I found LOs heartbeat at 9 weeks exactly but it was VERY difficult and I'd find it then lose it again and not be able to find it again, so I think it was pot luck. I found it again at 10 weeks and from about 10 1/2 weeks I could find it everytime, but thats probably cos I know where to look now.


----------



## lori

I found the heartbeat consistently from 9 weeks on, but it's very normal not to hear it until weeks later. I may have been lucky for a few reasons: 1) I used to work in L&D, so have lots of experience using dopplers and finding the heartbeat at various stages, and 2) I'm fairly slim (or at least I was until a few weeks ago). 

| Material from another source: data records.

lemma Bmom_upper_bound:
  assumes "0 < \<rho>" "l1 + l2 = 2 * n" "n + 1 \<le> N"
  shows "Bmom N \<rho> \<alpha> l1 l2
    \<le> \<rho> ^ (2 * n) / (real n + 1) * real ((2 * n) choose n)
        * real N powr (real (2 * n) * (1 / 2 - \<alpha>) + 1)
      + \<rho> ^ (2 * n) * gauss_moment (2 * n) * real n ^ (2 * n)
        * real N powr (real (2 * n) * (1 / 2 - \<alpha>))" (is "_ \<le> ?rhs")
proof -
  define K where "K = \<rho> ^ (2 * n) / real N powr (\<alpha> * real (2 * n))"
  have "0 \<le> K" using assms(1) by (simp add: K_def)
  have "0 < real N" using assms(3) by simp
  have "Bmom N \<rho> \<alpha> l1 l2 = K * (\<Sum>w\<in>walks N (2 * n + 1). walk_weight w)"
    using Bmom_eq_scaled_sum_walk_weight[OF assms] by (simp add: K_def)
  also have "\<dots> \<le> K * (real (card (dyck_paths n)) * real N ^ (n + 1)
      + gauss_moment (2 * n) * (real n ^ (2 * n) * real N ^ n))"
  proof (rule mult_left_mono[OF _ \<open>0 \<le> K\<close>])
    have "real (card (distinct_lists (n + 1) N)) \<le> real N ^ (n + 1)"
      using card_distinct_lists_le[of "n + 1" N] by (metis of_nat_le_iff of_nat_power)
    then show "(\<Sum>w\<in>walks N (2 * n + 1). walk_weight w)
        \<le> real (card (dyck_paths n)) * real N ^ (n + 1)
          + gauss_moment (2 * n) * (real n ^ (2 * n) * real N ^ n)"
      using sum_walk_weight_split[of N n] sum_walk_weight_few_vertices_le[of N n]
      by (simp add: mult_left_mono add_mono)
  qed
  also have "\<dots> = ?rhs"
  proof -
    note central_binomial_eq_card_dyck_paths[of n]
    moreover have "real N powr (real (2 * n) * (1 / 2 - \<alpha>) + 1)
        = real N ^ (n + 1) / real N powr (\<alpha> * real (2 * n))"
      using powr_scaled_exponent[OF \<open>0 < real N\<close>, of n \<alpha> 1] by simp
    moreover have "real N powr (real (2 * n) * (1 / 2 - \<alpha>))
        = real N ^ n / real N powr (\<alpha> * real (2 * n))"
      using powr_scaled_exponent[OF \<open>0 < real N\<close>, of n \<alpha> 0] by simp
    ultimately show ?thesis
      using \<open>0 < real N\<close> by (simp add: K_def field_simps)
  qed
  finally show ?thesis .
qed

theorem mainTheorem7:
  fixes N T l1 l2 :: nat and \<rho> \<alpha> :: real
  assumes "N \<ge> 1" "T \<ge> 1" "\<rho> > 0" "l1 \<le> T" "l2 \<le> T"
  shows "(odd (l1 + l2) \<longrightarrow> Bmom N \<rho> \<alpha> l1 l2 = 0)
       \<and> (even (l1 + l2) \<and> (l1 + l2) div 2 + 1 \<le> N \<longrightarrow>
           (let s = l1 + l2 in
             \<rho> ^ s / (real (s div 2) + 1) * real (s choose (s div 2))
               * (\<Prod>k\<in>{0..s div 2}. real N - real k) / real N powr (\<alpha> * real s)
             \<le> Bmom N \<rho> \<alpha> l1 l2
           \<and> Bmom N \<rho> \<alpha> l1 l2
             \<le> \<rho> ^ s / (real (s div 2) + 1) * real (s choose (s div 2))
                 * real N powr (real s * (1/2 - \<alpha>) + 1)
               + \<rho> ^ s * gauss_moment s * (real s / 2) ^ s * real N powr (real s * (1/2 - \<alpha>))))"
proof (cases "even (l1 + l2) \<and> (l1 + l2) div 2 + 1 \<le> N")
  case True
  then obtain n where "l1 + l2 = 2 * n" by blast
  with True have n: "l1 + l2 = 2 * n" "n + 1 \<le> N" by simp_all
  then show ?thesis
    using Bmom_lower_bound[OF assms(3) n, of \<alpha>] Bmom_upper_bound[OF assms(3) n, of \<alpha>]
    by (simp add: Let_def)
next
  case False
  then show ?thesis using Bmom_odd[OF assms(3,1)] by auto
qed

end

If you do decide to rent a doppler, I would suggest trying it when you have an appointment or ultrasound booked. My doctor picked it up with his doppler a few days before I was able to. When I tried at home after my appointment, I was disappointed but not stressed because I had just heard my bubs and knew that it was my technique and/or the doppler that was the problem. I had an ultrasound a few days later, and so I tried it again and SUCCESS! Once I found it, I was able to find it every time after that.

Good luck! Using the doppler has been an amazing experience for me. Every time I started to feel panicky or stressed, I could stop it there just by listening to my baby. I listened to it fairly regularly until I started to feel movements, and it's been one of the most beautiful parts of my pregnancy so far.


----------



## Tulip

I use a SonolineB and have been able to pick up the hb since 9+4, Munchkin has been a right little show-off. I'm aware that it's not usual to find it that early and with such ease x


----------



## the_key2005

hi I just tried my sonotrax fetal pocket monitor for the first time today at 8wks and we were able to hear baby's heartbeat. Took a while but we got it in the end.


----------



## veganmum2be

i wouldn't reccomend dopplers after the worry mines caused me.
and i really wouldn't reccomend trying until after 12 weeks.
xx


----------



## mommy43

hi i have a mas baby watcher found bubs at 8 weeks but it was pure chance i didnt find it again till about 13 weeks i think it depends on the type of doppler as well some are better than others my mw didnt even try till 12 weeks i guess because they are so small at that stage they can easily hide


----------



## millwallrose4

I too have the MAS doppler and heard the heartbeat from 9 weeks with my last, and started trying with this one at 11weeks and heard it straight away.


----------



## jennyellen13

iv got the hi bebe with the lcd screen, found heartbeat at 11weeks but it was hard to find and i did panic after not being able to find it for ages. i seem to find it easier now as i know where baby is but will sometimes take 10mins before i find it. i recommend getting one with an lcd screen as it tells you the beats per min and that helps find out where everything is and whats what. xx


----------



## KatienSam

i found it at 9 weeks with my daughter i believe. will try again this time from about 8 weeks xx


----------



## amygwen

I wouldn't recommend getting a doppler either because a lot of women have a hard time finding the HB and then it causes unnecessary worries. But, I personally on my own was not able to find the heartbeat until about 28 weeks, so you can imagine.. I was always freaking out between doctor's appointments thinking there'd be no HB.


----------



## KatienSam

defo only for those who wouldnt worry too much if you couldnt find it... This early on baby can easily hide behind pubic bone and not be found by doppler.


----------



## Samemka

Thought I'd add that I found the HB on the Hi Bebe at 9 weeks, and easily from 10 weeks cos I knew where to look, and what position to angle the doppler in.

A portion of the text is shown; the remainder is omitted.